Comment by itake

Comment by itake 18 hours ago

1 reply

> you're placed/bucketed into one of five portfolios that they offer and manage themselves.

this doesn't seem to be very different from what robo advisors do... where as they say, group you with the other people that have the same risk profile as you.

> What we do is factor in the risk appetite of the user plus the goal itself

I need some examples, b/c the goals you listed seem weird. Like trying to save $4k for a vacation, or car, seems like investing products aren't the right choice. You should keep that money cash in a HYSA and buy the thing when you have enough. If you're working with people with retirement funds, they probably would just cash out from their existing portfolio when they need to buy the expensive item.

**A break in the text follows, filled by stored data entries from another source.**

(* Let $\alpha,\mu,\beta\in(0,1]$, $\xi>0$, $\lambda>0$, $\lambda\ne1$, and let $c^{(\mu)}_k$ be the coefficients of $\Big(\frac{(1-u)^\alpha}{\lambda+(1-u)^\alpha}\Big)^\mu$. The solution of the Cauchy problem $$\frac{d^\beta}{dt^\beta}p_n(t)=-\xi(\lambda+1)^\mu\sum_{m=0}^nc^{(\mu)}_{n-m}p_m(t),\qquad p_n(0)=\delta_{n0},\quad n\in\mathbb N_0,$$ has generating function $\sum_np_n(t)u^n=E_\beta\Big(-\xi t^\beta\frac{(\lambda+1)^\mu(1-u)^{\alpha\mu}}{(\lambda+(1-u)^\alpha)^\mu}\Big)$ and is given by $$p_n(t)=\sum_{m=0}^\infty\frac{[-(\lambda+1)^\mu\xi t^\beta]^m}{\Gamma(\beta m+1)}\mathcal E^{(m\mu)}_\alpha(\lambda,n),$$ $$\mathcal E^{(m\mu)}_\alpha(\lambda,n)=\begin{cases}\displaystyle\frac1{n!}\sum_{s=0}^\infty\frac{(-\lambda)^s(m\mu)_s}{s!}(\alpha s)_n,&0<\lambda<1,\\[2mm]\displaystyle\lambda^{-m\mu}\sum_{s=0}^\infty\frac{(-\lambda^{-1})^s(m\mu)_s}{s!}(-1)^n\binom{\alpha(s+m\mu)}{n},&\lambda>1,\end{cases}$$ where the inner series converge absolutely.
   Context: $\frac{d^\beta}{dt^\beta}$ is the Caputo derivative of order $\beta$ (ordinary derivative for $\beta=1$); $E_\beta(z)=\sum_{m\ge0}z^m/\Gamma(\beta m+1)$; $(c)_s=\Gamma(c+s)/\Gamma(c)$ is the Pochhammer symbol with $(c)_0=1$, $(0)_s=\delta_{s0}$; $\binom{c}{n}=c(c-1)\cdots(c-n+1)/n!$. *)

theory Defs
  imports "HOL-Analysis.Analysis"
begin

definition has_caputo_deriv :: "real \<Rightarrow> (real \<Rightarrow> real) \<Rightarrow> real \<Rightarrow> real \<Rightarrow> bool" where
  "has_caputo_deriv \<beta> f D t \<longleftrightarrow>
     (if \<beta> = 1 then (f has_real_derivative D) (at t)
      else continuous_on {0..t} f \<and> (\<forall>s\<in>{0<..<t}. f differentiable (at s)) \<and>
           (\<lambda>s. (t - s) powr (-\<beta>) * deriv f s) integrable_on {0..t} \<and>
           D = integral {0..t} (\<lambda>s. (t - s) powr (-\<beta>) * deriv f s) / Gamma (1 - \<beta>))"

definition mittag_leffler :: "real \<Rightarrow> real \<Rightarrow> real" where
  "mittag_leffler \<beta> z = (\<Sum>m. z ^ m / Gamma (\<beta> * real m + 1))"

definition gfun :: "real \<Rightarrow> real \<Rightarrow> real \<Rightarrow> real \<Rightarrow> real" where
  "gfun \<alpha> \<mu> lam u = ((1 - u) powr \<alpha> / (lam + (1 - u) powr \<alpha>)) powr \<mu>"

definition ccoef :: "real \<Rightarrow> real \<Rightarrow> real \<Rightarrow> nat \<Rightarrow> real" where
  "ccoef \<alpha> \<mu> lam k = (deriv ^^ k) (gfun \<alpha> \<mu> lam) 0 / fact k"

definition Eterm_small :: "real \<Rightarrow> real \<Rightarrow> real \<Rightarrow> nat \<Rightarrow> nat \<Rightarrow> real" where
  "Eterm_small \<alpha> a lam n s = (-lam) ^ s * pochhammer a s / fact s * pochhammer (\<alpha> * real s) n"

definition Eterm_large :: "real \<Rightarrow> real \<Rightarrow> real \<Rightarrow> nat \<Rightarrow> nat \<Rightarrow> real" where
  "Eterm_large \<alpha> a lam n s =
     (-(1 / lam)) ^ s * pochhammer a s / fact s * (-1) ^ n * ((\<alpha> * (real s + a)) gchoose n)"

> with a wide range of asset classes and a "glidepath" (target date) structure

I need to experiment more with the tools, but for high networth individuals with modest spending, glidepath models hurt long-term returns. For example, if someone invests $2,000/month for 45 years with a 9% real return, they could end up with $12.6M in an S&P 500 portfolio. At today’s 1.27% dividend yield, that’s $160K/year in passive income, which is enough to cover an 2x the average American lifestyle. So why shift away from an aggressive portfolio like the S&P 500 in retirement? If there is a big draw down in the market at the start of retirement, reducing the portfolio to $6.3m (half!), keeping 1 yr cash, reduce expenses by 20%, and as the market recovers you'd only pull out 1-5 years of money (2.5% per year - dividend payouts). Obviously, not ideal, but you're still not going be homeless at age 90.

workworkwork71 16 hours ago

1. None of our portfolios are static or bucketed. We run the model on each goal/portfolio and it produces the optimal portfolio for that set of circumstances (goal, time horizon, risk, expected return).

2. You're 100% right, goals like vacation & car are going to be variable depending on the users inputs when creating the goal. We have a confidence question in the goal creation, ie. "how important is this goal to you". If the user selects that they have to have it by their given date, the model is going to opt for money market funds and potentially a small allocation to a return generating asset. This goal would lean heavily on the users contributions and not returns.

On the flip side, if it's something like a vacation fund where you are okay with not having a strict deadline ("nice to have, not certain"), then the model will have access to more return generating assets to help the portfolio generate a return. This is more about financial planning then it is pure investing. You're 100% right, but the user controls their own fate there.

3. Again you are correct that historically, an all S&P500 portfolio will have out-performed a target date portfolio but who's doing that? What institution, advisor or robo would advocate that any client is 100% invested in US equities?

We're not targeting pure performance here, it's risk adjusted returns factoring in for large drawdowns. We can model a portfolio that returns the exact same average 30-yr trailing return as the S&P500 at half the expected volatility (not really a brag, that's what robos and portfolio managers are trying to do as well).

If you're the type of person who can handle the volatility of investing in a 1 ETF portfolio then the product here isn't for you. I'd just recommend that you go and check the capital market expectations for the S&P500 over the next 10-25 years because it's actually trailing behind other global equities.

Blackrock has the following CMAs:

Ex-US equities

5 yr : 9.0% 10 yr: 8.6% 20 yr: 8.0% vol: 16.9%

US equities

5 yr: 6.2% 10 yr: 6.7% 20 yr: 7.4% vol: 18.4%

Forward looking estimates of course, but you can see my point. You're not even getting the optimal 1 ETF portfolio by simply buying SP500.